We found Ralph wallowing in his favorite mud hole in the heart of the African savannah. He is a large fellow, about 9 feet long, 6 1/2 feet at the shoulders, and weighing in at 7,000 pounds, which is more than your Chevy Suburban. He has a massive head and an impressive front horn, which he told us was 5 feet long (though later one of his wives—Ralph has a quorum of 12—told us it was closer to 4).
Because Ralph is a white rhino, we were surprised that his hide was a shade of gunmetal gray:
City Weekly: We had been led to believe that you were white. Are you an imposter, or have you been wallowing too long in the mud?
Ralph: Are you some sort of smart-ass? [Ralph’s voice is faintly reminiscent of James Earl Jones’ rich bass, though it is tinged with just a trace of a South African accent.] We’ve never been white, but the silly-ass Englishmen who came down here made a typical stupid human mistake. The original Dutch settlers called us “wyd” rhinos because of our big “wide” mouths, which allow us to graze with great efficiency the abundant grasslands. The proper characterization of our species, Ceratotherium simum, is “wide-mouthed” rhinoceros.

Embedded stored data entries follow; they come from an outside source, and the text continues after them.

section \<open>Counting subset sums\<close>

lemma card_subsets_insert:
  assumes "finite I" "i \<notin> I"
  shows "card {J. J \<subseteq> insert i I \<and> P J}
    = card {J. J \<subseteq> I \<and> P J} + card {J. J \<subseteq> I \<and> P (insert i J)}"
proof -
  have split: "{J. J \<subseteq> insert i I \<and> P J}
      = {J. J \<subseteq> I \<and> P J} \<union> insert i ` {J. J \<subseteq> I \<and> P (insert i J)}"
  proof (intro equalityI subsetI)
    fix J assume J: "J \<in> {J. J \<subseteq> insert i I \<and> P J}"
    show "J \<in> {J. J \<subseteq> I \<and> P J} \<union> insert i ` {J. J \<subseteq> I \<and> P (insert i J)}"
    proof (cases "i \<in> J")
      case True
      then have "J = insert i (J - {i})" "J - {i} \<subseteq> I" using J by auto
      then show ?thesis using J by (metis (mono_tags, lifting) UnI2 image_eqI mem_Collect_eq)
    qed (use J in auto)
  qed auto
  have "inj_on (insert i) {J. J \<subseteq> I \<and> P (insert i J)}"
    using assms(2) by (auto simp: inj_on_def)
  moreover have "{J. J \<subseteq> I \<and> P J} \<inter> insert i ` {J. J \<subseteq> I \<and> P (insert i J)} = {}"
    using assms(2) by auto
  ultimately show ?thesis
    unfolding split using assms(1) by (simp add: card_Un_disjoint card_image)
qed

text \<open>The multiplicity of \<open>x\<close> in the multiset \<open>b + {0, d i\<^sub>1} + \<dots> + {0, d i\<^sub>k}\<close> over
  \<open>\<int>\<^sub>T\<close>, where \<open>I = {i\<^sub>1, \<dots>, i\<^sub>k}\<close>.\<close>
definition subset_sum_count :: "nat \<Rightarrow> nat \<Rightarrow> (nat \<Rightarrow> nat) \<Rightarrow> nat set \<Rightarrow> nat \<Rightarrow> real" where
  "subset_sum_count T b d I x = real (card {J. J \<subseteq> I \<and> (b + sum d J) mod T = x})"

lemma subset_sum_count_insert:
  assumes "finite I" "i \<notin> I"
  shows "subset_sum_count T b d (insert i I) x
    = subset_sum_count T b d I x + subset_sum_count T (b + d i) d I x"
proof -
  have "sum d (insert i J) = d i + sum d J" if "J \<subseteq> I" for J
    using that assms finite_subset[OF that assms(1)] by (subst sum.insert) auto
  then have "{J. J \<subseteq> I \<and> (b + sum d (insert i J)) mod T = x}
      = {J. J \<subseteq> I \<and> (b + d i + sum d J) mod T = x}"
    by (auto simp: add.assoc)
  then show ?thesis
    unfolding subset_sum_count_def using card_subsets_insert[OF assms] by simp
qed

lemma subset_sum_count_const:
  assumes "finite D" "\<And>i. i \<in> D \<Longrightarrow> d i = c"
  shows "subset_sum_count T b d D x
    = (\<Sum>j | j \<le> card D \<and> (b + j * c) mod T = x. real (card D choose j))"
proof -
  define Q where "Q = {j. j \<le> card D \<and> (b + j * c) mod T = x}"
  have "sum d J = card J * c" if "J \<subseteq> D" for J
    using assms(2) that by (simp add: subset_iff)
  then have "{J. J \<subseteq> D \<and> (b + sum d J) mod T = x} = (\<Union>j\<in>Q. {J. J \<subseteq> D \<and> card J = j})"
    using assms(1) by (auto simp: Q_def card_mono)
  moreover have "card (\<Union>j\<in>Q. {J. J \<subseteq> D \<and> card J = j}) = (\<Sum>j\<in>Q. card D choose j)"
    using assms(1) by (subst card_UN_disjoint) (auto simp: Q_def n_subsets intro: finite_subset)
  ultimately show ?thesis
    by (simp add: subset_sum_count_def Q_def)
qed

lemma add_mod_eq_iff:
  fixes T a x y :: nat
  assumes "x < T" "a < T"
  shows "(y + a) mod T = x \<longleftrightarrow> y mod T = (x + T - a) mod T"
proof -
  have "(y + a) mod T = x \<longleftrightarrow> [y + a = (x + T - a) + a] (mod T)"
    using assms by (simp add: cong_def)
  also have "\<dots> \<longleftrightarrow> [y = x + T - a] (mod T)"
    by (rule cong_add_rcancel_nat)
  finally show ?thesis
    by (simp add: cong_def)
qed

lemma subset_sum_count_shift:
  assumes "x < T" "a < T"
  shows "subset_sum_count T (b + a) d I x = subset_sum_count T b d I ((x + T - a) mod T)"
proof -
  have "(b + a + sum d J) mod T = x \<longleftrightarrow> (b + sum d J) mod T = (x + T - a) mod T" for J
    using add_mod_eq_iff[OF assms, of "b + sum d J"] by (simp add: ac_simps)
  then show ?thesis
    by (simp add: subset_sum_count_def)
qed

lemma subset_sum_count_cong:
  assumes "[b = b'] (mod T)" "\<And>i. i \<in> I \<Longrightarrow> d i = d' i"
  shows "subset_sum_count T b d I x = subset_sum_count T b' d' I x"
proof -
  have "sum d J = sum d' J" if "J \<subseteq> I" for J
    using that assms(2) by (intro sum.cong) auto
  then have "(b + sum d J) mod T = (b' + sum d' J) mod T" if "J \<subseteq> I" for J
    using that assms(1) by (metis cong_def mod_add_left_eq)
  then have "{J. J \<subseteq> I \<and> (b + sum d J) mod T = x} = {J. J \<subseteq> I \<and> (b' + sum d' J) mod T = x}"
    by auto
  then show ?thesis
    by (simp add: subset_sum_count_def)
qed

lemma subset_sum_count_pair:
  assumes "x < T" "a < T" "a' < T"
  shows "subset_sum_count T (b + a) (d(k := (a' + T - a) mod T)) {..<Suc k} x
    = subset_sum_count T b d {..<k} ((x + T - a) mod T)
      + subset_sum_count T b d {..<k} ((x + T - a') mod T)"
proof -
  define d' where "d' = d(k := (a' + T - a) mod T)"
  have "(b + a + d' k) mod T = (b + a + (a' + T - a)) mod T"
    by (simp add: d'_def mod_add_right_eq)
  also have "b + a + (a' + T - a) = b + a' + T"
    using assms(2) by simp
  finally have base: "[b + a + d' k = b + a'] (mod T)"
    by (simp add: cong_def)
  have "subset_sum_count T (b + a) d' {..<Suc k} x
      = subset_sum_count T (b + a) d' {..<k} x + subset_sum_count T (b + a + d' k) d' {..<k} x"
    using subset_sum_count_insert[of "{..<k}" k] by (simp add: lessThan_Suc)
  also have "subset_sum_count T (b + a) d' {..<k} x = subset_sum_count T (b + a) d {..<k} x"
    by (rule subset_sum_count_cong) (simp_all add: d'_def)
  also have "subset_sum_count T (b + a + d' k) d' {..<k} x = subset_sum_count T (b + a') d {..<k} x"
    by (rule subset_sum_count_cong[OF base]) (simp add: d'_def)
  also have "subset_sum_count T (b + a) d {..<k} x
      = subset_sum_count T b d {..<k} ((x + T - a) mod T)"
    by (rule subset_sum_count_shift[OF assms(1,2)])
  also have "subset_sum_count T (b + a') d {..<k} x
      = subset_sum_count T b d {..<k} ((x + T - a') mod T)"
    by (rule subset_sum_count_shift[OF assms(1,3)])
  finally show ?thesis
    unfolding d'_def .
qed

section \<open>Bias with respect to the half-period shift\<close>

definition half_bias_le :: "nat \<Rightarrow> real \<Rightarrow> (nat \<Rightarrow> real) \<Rightarrow> bool" where
  "half_bias_le T e f \<longleftrightarrow> (\<forall>x<T. f x \<le> (1 + e) * f ((x + T div 2) mod T))"

lemma half_bias_le_add:
  assumes "half_bias_le T e f" "half_bias_le T e g"
  shows "half_bias_le T e (\<lambda>x. f x + g x)"
  using assms by (simp add: half_bias_le_def distrib_left add_mono)

lemma half_bias_le_mono:
  assumes "half_bias_le T e f" "e \<le> e'" "\<And>x. 0 \<le> f x"
  shows "half_bias_le T e' f"
  unfolding half_bias_le_def
proof (intro allI impI)
  fix x assume "x < T"
  then have "f x \<le> (1 + e) * f ((x + T div 2) mod T)"
    using assms(1) by (simp add: half_bias_le_def)
  also have "\<dots> \<le> (1 + e') * f ((x + T div 2) mod T)"
    using assms(2,3) by (intro mult_right_mono) simp_all
  finally show "f x \<le> (1 + e') * f ((x + T div 2) mod T)" .
qed

lemma half_bias_subset_sum_count_const:
  assumes "T = 2 ^ t" "0 < c" "c < T"
    and "finite D" "\<And>i. i \<in> D \<Longrightarrow> d i = c" "T\<^sup>2 \<le> card D"
  shows "half_bias_le T (32 * real T / sqrt (real (card D))) (subset_sum_count T b d D)"
  using binomial_progression_half_shift[OF assms(1-3,6)]
  by (simp add: half_bias_le_def subset_sum_count_const[OF assms(4,5)])

lemma half_bias_subset_sum_count_union:
  assumes "finite D" "finite R" "D \<inter> R = {}"
    and "\<And>b. half_bias_le T e (subset_sum_count T b d D)"
  shows "half_bias_le T e (subset_sum_count T b d (D \<union> R))"
  using assms(2,3)
proof (induction R arbitrary: b rule: finite_induct)
  case empty
  then show ?case using assms(4) by simp
next
  case (insert i R)
  then have "finite (D \<union> R)" "i \<notin> D \<union> R" "D \<union> insert i R = insert i (D \<union> R)"
    using assms(1) by auto
  then show ?case
    using insert by (simp add: subset_sum_count_insert half_bias_le_add)
qed

lemma div_sqrt_le_powr_div_sqrt:
  fixes T N r :: nat
  assumes "0 < r" "r \<le> T * N"
  shows "real T / sqrt (real N) \<le> real T powr (3/2) / sqrt (real r)"
proof -
  have "0 < T * N" using assms by linarith
  then have pos: "0 < T" "0 < N" by simp_all
  have T32: "real T powr (3/2) = real T * sqrt (real T)"
    using powr_add[of "real T" 1 "1/2"] pos by (simp add: powr_half_sqrt)
  have "sqrt (real r) \<le> sqrt (real T) * sqrt (real N)"
    using assms(2) by (simp flip: real_sqrt_mult of_nat_mult)
  then have "real T * sqrt (real T) / (sqrt (real T) * sqrt (real N))
      \<le> real T * sqrt (real T) / sqrt (real r)"
    using assms(1) by (intro frac_le) simp_all
  then show ?thesis
    using pos by (simp add: T32)
qed

lemma pigeonhole_popular_value:
  fixes d :: "nat \<Rightarrow> nat"
  assumes "2 \<le> T" "T ^ 3 \<le> r" "\<And>i. i < r \<Longrightarrow> 0 < d i \<and> d i < T"
  obtains c where "0 < c" "c < T"
    "T\<^sup>2 \<le> card {i. i < r \<and> d i = c}" "r \<le> T * card {i. i < r \<and> d i = c}"
proof -
  have "d \<in> {..<r} \<rightarrow> {1..<T}"
    using assms(3) by (auto simp: Suc_le_eq)
  then obtain c where c: "c \<in> {1..<T}" and "card (d -` {c} \<inter> {..<r}) * card {1..<T} \<ge> r"
    using pigeonhole_card[of d "{..<r}" "{1..<T}"] assms(1) by auto
  moreover have "d -` {c} \<inter> {..<r} = {i. i < r \<and> d i = c}" by auto
  ultimately have r: "r \<le> (T - 1) * card {i. i < r \<and> d i = c}"
    by (simp add: mult.commute)
  have "T\<^sup>2 \<le> card {i. i < r \<and> d i = c}"
  proof (rule ccontr)
    assume "\<not> ?thesis"
    then have "(T - 1) * card {i. i < r \<and> d i = c} < (T - 1) * T\<^sup>2"
      using assms(1) by simp
    also have "\<dots> < T ^ 3"
      using assms(1) by (simp add: power3_eq_cube power2_eq_square)
    finally show False using assms(2) r by linarith
  qed
  moreover have "r \<le> T * card {i. i < r \<and> d i = c}"
    using r by (meson diff_le_self le_trans mult_le_mono1)
  ultimately show ?thesis
    using c by (intro that) auto
qed

lemma half_bias_subset_sum_count:
  assumes T: "T = 2 ^ t" "1 \<le> t" and r: "T ^ 3 \<le> r"
    and d: "\<And>i. i < r \<Longrightarrow> 0 < d i \<and> d i < T"
  shows "half_bias_le T (32 * real T powr (3/2) / sqrt (real r)) (subset_sum_count T b d {..<r})"
proof -
  have "2 \<le> T" using T by (simp add: self_le_power)
  then obtain c where c: "0 < c" "c < T"
    and popular: "T\<^sup>2 \<le> card {i. i < r \<and> d i = c}" "r \<le> T * card {i. i < r \<and> d i = c}"
    using pigeonhole_popular_value r d by blast
  define D where "D = {i. i < r \<and> d i = c}"
  have "finite D" by (simp add: D_def)
  have "half_bias_le T (32 * real T / sqrt (real (card D))) (subset_sum_count T b' d D)" for b'
    using popular by (intro half_bias_subset_sum_count_const[OF T(1) c \<open>finite D\<close>]) (simp_all add: D_def)
  then have "half_bias_le T (32 * real T / sqrt (real (card D)))
      (subset_sum_count T b d (D \<union> ({..<r} - D)))"
    by (intro half_bias_subset_sum_count_union[OF \<open>finite D\<close>]) auto
  moreover have "D \<union> ({..<r} - D) = {..<r}"
    by (auto simp: D_def)
  ultimately have bias:
    "half_bias_le T (32 * real T / sqrt (real (card D))) (subset_sum_count T b d {..<r})"
    by simp
  have "0 < T ^ 3" using \<open>2 \<le> T\<close> by simp
  then have "0 < r" using r by linarith
  then have "real T / sqrt (real (card D)) \<le> real T powr (3/2) / sqrt (real r)"
    using popular(2) unfolding D_def by (rule div_sqrt_le_powr_div_sqrt)
  then have "32 * real T / sqrt (real (card D)) \<le> 32 * real T powr (3/2) / sqrt (real r)"
    unfolding times_divide_eq_right[symmetric] by (rule mult_left_mono) simp
  with bias show ?thesis
    by (rule half_bias_le_mono) (simp add: subset_sum_count_def)
qed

CW: Glad to have that cleared up. But what we want to know is: Have you gotten wind of the controversy over in our part of the world regarding the rhino Brigham Young University commissioned to have killed to provide an educational experience for visitors to its Monte L. Bean Life Science Museum?
Ralph: Dead Science Museum would be more like it. Anyway, sure, we know all about it, and we’re none too happy about how the imbeciles at BYU are trying to justify the murder of one our mates. He was my second cousin, by the way—a big galoot named Howard, and he never hurt a flea.
CW: As we understand it, according to a report in a local paper, museum officials are “confident that regulated killing and export of Africa’s rare animals poses no threat” to your species.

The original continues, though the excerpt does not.